→ **Data for processing**:
'''

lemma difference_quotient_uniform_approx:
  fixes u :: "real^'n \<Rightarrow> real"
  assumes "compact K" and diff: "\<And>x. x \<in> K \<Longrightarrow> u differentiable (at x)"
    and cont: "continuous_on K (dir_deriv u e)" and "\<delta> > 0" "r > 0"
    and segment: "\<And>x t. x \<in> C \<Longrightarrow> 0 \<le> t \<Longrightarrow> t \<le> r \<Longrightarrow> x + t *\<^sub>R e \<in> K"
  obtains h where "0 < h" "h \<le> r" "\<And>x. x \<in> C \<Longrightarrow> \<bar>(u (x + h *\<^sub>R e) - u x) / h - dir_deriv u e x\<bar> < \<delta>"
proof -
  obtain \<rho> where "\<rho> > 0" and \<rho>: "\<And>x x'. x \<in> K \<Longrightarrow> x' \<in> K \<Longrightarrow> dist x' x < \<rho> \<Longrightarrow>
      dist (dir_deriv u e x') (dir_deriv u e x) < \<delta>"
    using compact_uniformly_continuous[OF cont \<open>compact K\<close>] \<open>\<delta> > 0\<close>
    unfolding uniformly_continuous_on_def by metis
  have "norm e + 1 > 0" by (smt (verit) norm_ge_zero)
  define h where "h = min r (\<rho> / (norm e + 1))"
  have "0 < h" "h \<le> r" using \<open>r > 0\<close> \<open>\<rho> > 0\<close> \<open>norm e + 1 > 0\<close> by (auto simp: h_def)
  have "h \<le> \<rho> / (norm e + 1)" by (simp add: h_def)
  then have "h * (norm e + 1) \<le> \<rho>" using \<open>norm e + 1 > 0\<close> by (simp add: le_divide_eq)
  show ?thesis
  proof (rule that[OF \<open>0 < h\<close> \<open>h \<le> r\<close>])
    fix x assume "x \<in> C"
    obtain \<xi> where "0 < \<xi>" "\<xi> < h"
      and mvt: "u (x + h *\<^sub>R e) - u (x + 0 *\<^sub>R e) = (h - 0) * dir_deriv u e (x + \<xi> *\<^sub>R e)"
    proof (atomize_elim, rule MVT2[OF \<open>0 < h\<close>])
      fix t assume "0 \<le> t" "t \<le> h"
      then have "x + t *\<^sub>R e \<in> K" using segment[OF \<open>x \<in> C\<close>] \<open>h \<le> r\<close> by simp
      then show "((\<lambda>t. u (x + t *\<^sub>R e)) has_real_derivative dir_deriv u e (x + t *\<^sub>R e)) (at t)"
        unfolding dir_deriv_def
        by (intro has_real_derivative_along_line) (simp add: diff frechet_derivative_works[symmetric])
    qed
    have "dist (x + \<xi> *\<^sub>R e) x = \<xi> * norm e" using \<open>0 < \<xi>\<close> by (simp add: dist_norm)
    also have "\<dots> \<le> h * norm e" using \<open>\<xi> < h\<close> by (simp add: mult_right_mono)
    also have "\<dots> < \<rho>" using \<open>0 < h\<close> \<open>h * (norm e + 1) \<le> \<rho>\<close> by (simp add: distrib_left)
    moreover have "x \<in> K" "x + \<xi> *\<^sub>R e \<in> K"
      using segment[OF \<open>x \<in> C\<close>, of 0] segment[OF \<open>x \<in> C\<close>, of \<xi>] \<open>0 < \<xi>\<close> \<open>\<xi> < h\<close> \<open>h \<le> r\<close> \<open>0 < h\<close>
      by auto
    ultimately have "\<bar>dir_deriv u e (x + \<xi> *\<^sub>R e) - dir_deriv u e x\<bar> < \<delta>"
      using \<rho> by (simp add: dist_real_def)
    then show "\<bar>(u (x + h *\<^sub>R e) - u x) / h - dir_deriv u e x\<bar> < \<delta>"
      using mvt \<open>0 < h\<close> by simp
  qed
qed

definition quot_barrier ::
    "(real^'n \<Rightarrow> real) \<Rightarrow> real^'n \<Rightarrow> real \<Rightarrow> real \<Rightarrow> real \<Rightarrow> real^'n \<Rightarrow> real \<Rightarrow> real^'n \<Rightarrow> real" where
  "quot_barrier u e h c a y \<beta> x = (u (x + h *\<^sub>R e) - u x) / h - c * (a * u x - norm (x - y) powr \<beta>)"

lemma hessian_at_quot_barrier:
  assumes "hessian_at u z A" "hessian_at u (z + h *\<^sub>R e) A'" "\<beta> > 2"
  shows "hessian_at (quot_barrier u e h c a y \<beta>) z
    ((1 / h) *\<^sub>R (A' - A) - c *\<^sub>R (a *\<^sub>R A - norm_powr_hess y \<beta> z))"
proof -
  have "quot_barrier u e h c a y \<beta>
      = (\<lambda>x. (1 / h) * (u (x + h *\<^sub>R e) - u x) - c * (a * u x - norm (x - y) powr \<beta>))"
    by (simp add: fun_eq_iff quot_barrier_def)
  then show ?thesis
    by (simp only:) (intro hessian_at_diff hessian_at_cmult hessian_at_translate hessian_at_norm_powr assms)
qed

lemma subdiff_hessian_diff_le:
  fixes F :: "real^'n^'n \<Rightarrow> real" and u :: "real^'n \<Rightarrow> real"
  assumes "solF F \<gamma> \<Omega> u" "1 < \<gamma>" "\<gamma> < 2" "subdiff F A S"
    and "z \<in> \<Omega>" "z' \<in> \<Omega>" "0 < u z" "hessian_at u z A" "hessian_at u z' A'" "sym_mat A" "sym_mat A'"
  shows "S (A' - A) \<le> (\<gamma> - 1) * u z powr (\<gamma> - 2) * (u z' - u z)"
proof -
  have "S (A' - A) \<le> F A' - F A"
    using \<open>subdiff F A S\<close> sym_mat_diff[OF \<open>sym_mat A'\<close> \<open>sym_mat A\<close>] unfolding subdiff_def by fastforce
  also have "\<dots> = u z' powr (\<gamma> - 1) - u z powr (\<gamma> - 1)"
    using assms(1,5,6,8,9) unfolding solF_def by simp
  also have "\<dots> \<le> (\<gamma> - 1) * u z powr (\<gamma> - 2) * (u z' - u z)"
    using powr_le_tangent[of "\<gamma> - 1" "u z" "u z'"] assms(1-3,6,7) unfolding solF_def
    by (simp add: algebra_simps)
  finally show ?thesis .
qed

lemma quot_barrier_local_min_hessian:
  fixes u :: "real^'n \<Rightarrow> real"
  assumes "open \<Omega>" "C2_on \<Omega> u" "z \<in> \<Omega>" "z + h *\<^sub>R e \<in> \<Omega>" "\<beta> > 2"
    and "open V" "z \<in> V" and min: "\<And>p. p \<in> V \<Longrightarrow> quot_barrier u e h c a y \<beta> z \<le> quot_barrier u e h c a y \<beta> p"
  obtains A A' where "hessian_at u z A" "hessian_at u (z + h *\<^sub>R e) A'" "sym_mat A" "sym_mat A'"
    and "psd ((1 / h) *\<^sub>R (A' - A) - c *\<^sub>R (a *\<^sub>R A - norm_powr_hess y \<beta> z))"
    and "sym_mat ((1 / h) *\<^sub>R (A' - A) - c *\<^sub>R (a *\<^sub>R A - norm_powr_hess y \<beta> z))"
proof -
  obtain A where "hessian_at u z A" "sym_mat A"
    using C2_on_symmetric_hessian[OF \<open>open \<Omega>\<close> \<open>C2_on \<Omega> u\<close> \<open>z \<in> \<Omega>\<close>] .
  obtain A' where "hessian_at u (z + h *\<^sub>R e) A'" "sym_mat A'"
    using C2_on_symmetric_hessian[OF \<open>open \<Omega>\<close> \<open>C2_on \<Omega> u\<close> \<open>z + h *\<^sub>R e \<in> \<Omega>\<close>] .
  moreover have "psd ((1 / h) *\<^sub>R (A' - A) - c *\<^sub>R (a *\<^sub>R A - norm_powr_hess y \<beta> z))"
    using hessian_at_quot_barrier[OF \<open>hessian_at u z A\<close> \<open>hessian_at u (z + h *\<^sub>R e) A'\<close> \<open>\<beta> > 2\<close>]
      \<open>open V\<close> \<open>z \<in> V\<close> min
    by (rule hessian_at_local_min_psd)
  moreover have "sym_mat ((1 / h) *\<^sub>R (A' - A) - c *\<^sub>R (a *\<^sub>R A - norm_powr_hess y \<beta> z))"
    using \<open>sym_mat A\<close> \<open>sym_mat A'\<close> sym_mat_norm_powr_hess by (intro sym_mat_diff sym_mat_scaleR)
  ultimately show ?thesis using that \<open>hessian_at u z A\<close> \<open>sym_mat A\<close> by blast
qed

'''

→ **Task to complete**: Using the entries above, copy out all lines that contain the string "gamma".

→ **Exercise answer**:
  assumes "solF F \<gamma> \<Omega> u" "1 < \<gamma>" "\<gamma> < 2" "subdiff F A S"
  shows "S (A' - A) \<le> (\<gamma> - 1) * u z powr (\<gamma> - 2) * (u z' - u z)"
  also have "\<dots> = u z' powr (\<gamma> - 1) - u z powr (\<gamma> - 1)"
  also have "\<dots> \<le> (\<gamma> - 1) * u z powr (\<gamma> - 2) * (u z' - u z)"
    using powr_le_tangent[of "\<gamma> - 1" "u z" "u z'"] assms(1-3,6,7) unfolding solF_def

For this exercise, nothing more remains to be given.